### THE TASK:
Search the records below for the word "noteq". Pull out each line that has it.

● ● ● ●

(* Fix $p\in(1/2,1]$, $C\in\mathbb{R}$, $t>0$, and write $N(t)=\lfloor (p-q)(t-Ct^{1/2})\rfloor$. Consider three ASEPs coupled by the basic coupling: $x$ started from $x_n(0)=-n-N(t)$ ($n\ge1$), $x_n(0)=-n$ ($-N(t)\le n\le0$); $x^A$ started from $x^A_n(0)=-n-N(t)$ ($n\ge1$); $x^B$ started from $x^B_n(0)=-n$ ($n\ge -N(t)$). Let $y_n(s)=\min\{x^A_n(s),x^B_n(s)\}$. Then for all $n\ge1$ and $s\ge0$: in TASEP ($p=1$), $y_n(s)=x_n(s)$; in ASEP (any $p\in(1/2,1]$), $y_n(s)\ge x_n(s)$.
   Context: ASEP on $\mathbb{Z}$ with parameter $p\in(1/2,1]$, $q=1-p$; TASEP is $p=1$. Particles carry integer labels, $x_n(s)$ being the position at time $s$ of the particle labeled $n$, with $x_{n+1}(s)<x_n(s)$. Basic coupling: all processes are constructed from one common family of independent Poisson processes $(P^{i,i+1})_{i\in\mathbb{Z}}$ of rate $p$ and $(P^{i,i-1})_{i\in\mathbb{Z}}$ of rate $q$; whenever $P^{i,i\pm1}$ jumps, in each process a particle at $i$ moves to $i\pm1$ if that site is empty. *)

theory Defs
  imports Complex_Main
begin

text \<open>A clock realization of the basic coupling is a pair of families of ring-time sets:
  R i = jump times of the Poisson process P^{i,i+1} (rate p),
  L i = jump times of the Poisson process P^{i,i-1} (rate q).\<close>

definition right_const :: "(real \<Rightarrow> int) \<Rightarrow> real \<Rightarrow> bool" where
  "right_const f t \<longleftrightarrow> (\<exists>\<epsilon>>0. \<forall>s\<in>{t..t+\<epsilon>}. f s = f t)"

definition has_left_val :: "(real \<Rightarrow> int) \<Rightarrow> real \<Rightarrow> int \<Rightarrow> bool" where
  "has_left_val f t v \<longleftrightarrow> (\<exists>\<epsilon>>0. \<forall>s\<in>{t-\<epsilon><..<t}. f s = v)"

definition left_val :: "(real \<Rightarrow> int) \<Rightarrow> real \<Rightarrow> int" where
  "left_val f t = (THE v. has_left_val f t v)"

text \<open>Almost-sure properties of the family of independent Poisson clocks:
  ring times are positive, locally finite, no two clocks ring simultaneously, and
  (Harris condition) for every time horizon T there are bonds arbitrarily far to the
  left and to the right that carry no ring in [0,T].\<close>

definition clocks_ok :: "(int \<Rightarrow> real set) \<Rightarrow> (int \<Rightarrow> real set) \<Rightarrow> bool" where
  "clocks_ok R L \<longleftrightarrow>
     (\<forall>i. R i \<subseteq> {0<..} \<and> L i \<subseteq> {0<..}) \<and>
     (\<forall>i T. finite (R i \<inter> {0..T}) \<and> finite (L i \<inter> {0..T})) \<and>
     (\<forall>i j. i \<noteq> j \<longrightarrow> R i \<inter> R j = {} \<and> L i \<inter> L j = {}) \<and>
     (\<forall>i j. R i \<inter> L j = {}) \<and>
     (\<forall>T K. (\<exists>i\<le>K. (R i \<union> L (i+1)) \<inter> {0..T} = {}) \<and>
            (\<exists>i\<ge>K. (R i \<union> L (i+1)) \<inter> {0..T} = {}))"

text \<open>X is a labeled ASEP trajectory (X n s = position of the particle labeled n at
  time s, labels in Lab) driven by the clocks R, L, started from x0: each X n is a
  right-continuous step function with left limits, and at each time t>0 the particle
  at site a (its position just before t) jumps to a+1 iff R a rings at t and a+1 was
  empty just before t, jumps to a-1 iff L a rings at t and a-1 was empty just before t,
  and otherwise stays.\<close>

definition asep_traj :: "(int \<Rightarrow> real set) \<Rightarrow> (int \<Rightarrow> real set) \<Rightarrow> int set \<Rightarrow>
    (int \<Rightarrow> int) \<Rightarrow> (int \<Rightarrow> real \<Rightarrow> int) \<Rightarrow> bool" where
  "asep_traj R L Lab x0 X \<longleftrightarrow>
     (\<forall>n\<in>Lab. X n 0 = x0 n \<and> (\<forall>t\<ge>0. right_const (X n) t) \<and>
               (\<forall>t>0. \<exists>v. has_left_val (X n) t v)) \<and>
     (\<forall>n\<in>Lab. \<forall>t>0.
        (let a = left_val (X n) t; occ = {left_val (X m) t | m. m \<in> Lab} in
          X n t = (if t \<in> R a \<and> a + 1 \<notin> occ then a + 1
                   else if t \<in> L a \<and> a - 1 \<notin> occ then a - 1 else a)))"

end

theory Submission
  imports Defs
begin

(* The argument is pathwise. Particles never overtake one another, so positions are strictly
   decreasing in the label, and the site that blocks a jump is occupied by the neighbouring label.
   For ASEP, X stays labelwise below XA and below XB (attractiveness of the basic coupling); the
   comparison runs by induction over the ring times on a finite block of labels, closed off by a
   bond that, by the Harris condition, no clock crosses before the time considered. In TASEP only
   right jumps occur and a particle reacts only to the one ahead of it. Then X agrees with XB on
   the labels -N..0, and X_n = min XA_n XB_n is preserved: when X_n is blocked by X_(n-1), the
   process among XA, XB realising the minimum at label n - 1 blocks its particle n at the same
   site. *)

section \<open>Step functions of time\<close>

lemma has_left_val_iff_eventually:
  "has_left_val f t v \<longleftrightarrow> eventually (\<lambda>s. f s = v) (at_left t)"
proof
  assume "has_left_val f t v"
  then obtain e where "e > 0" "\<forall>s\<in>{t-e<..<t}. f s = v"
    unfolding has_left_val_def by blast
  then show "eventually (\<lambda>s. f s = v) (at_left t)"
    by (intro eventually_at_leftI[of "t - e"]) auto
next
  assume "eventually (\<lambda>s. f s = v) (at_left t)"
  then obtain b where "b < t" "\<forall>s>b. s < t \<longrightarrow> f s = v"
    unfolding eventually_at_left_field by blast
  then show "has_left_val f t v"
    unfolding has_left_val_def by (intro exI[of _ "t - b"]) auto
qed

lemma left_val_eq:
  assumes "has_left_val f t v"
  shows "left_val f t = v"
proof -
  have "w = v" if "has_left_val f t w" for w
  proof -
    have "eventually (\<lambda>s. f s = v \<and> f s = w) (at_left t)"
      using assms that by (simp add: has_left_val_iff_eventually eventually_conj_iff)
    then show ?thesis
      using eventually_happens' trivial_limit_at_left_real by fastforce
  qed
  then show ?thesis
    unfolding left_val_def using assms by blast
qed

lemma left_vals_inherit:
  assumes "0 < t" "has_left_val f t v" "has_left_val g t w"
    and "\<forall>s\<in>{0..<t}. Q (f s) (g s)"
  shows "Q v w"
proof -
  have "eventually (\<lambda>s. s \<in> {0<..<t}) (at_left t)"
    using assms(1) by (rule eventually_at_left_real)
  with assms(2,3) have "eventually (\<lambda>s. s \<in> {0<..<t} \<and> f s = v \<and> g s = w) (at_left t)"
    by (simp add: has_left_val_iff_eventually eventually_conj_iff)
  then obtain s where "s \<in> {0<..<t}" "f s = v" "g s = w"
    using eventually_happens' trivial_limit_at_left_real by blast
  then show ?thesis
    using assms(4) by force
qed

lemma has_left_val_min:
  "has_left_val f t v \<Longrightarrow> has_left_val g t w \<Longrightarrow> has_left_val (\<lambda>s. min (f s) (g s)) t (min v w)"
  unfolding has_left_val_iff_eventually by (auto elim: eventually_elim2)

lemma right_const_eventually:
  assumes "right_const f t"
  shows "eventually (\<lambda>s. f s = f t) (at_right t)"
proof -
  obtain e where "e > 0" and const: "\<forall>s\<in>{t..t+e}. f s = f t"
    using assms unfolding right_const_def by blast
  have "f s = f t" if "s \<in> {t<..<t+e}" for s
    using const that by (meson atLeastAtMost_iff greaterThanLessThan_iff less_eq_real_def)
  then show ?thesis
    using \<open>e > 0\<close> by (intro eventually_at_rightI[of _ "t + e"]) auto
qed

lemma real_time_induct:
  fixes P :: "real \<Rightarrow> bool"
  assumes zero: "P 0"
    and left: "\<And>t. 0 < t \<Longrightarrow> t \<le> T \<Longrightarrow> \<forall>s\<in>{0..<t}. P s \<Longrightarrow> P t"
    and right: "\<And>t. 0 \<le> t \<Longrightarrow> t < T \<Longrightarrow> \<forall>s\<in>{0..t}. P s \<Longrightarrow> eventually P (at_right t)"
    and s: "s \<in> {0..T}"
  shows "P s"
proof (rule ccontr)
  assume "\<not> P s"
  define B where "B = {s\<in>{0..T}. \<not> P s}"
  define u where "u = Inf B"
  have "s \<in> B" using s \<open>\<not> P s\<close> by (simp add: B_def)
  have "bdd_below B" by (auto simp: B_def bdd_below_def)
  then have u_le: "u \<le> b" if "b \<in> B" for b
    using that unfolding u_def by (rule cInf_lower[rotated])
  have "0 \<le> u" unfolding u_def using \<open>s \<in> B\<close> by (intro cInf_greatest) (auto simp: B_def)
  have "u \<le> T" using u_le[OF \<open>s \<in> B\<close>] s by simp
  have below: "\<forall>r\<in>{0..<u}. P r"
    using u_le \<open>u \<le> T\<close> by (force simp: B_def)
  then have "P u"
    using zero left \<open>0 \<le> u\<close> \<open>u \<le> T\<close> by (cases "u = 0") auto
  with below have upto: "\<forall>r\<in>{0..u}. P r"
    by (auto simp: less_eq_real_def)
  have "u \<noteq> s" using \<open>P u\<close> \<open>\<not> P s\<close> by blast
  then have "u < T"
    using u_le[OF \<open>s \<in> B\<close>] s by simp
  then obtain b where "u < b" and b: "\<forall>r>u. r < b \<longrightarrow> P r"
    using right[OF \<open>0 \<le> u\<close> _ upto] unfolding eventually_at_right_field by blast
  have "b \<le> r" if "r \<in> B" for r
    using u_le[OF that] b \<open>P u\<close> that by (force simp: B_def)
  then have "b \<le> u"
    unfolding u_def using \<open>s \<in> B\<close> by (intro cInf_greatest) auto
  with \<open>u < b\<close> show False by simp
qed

● ● ● ●

### EXPECTED ANSWER:
     (\<forall>i j. i \<noteq> j \<longrightarrow> R i \<inter> R j = {} \<and> L i \<inter> L j = {}) \<and>
  have "u \<noteq> s" using \<open>P u\<close> \<open>\<not> P s\<close> by blast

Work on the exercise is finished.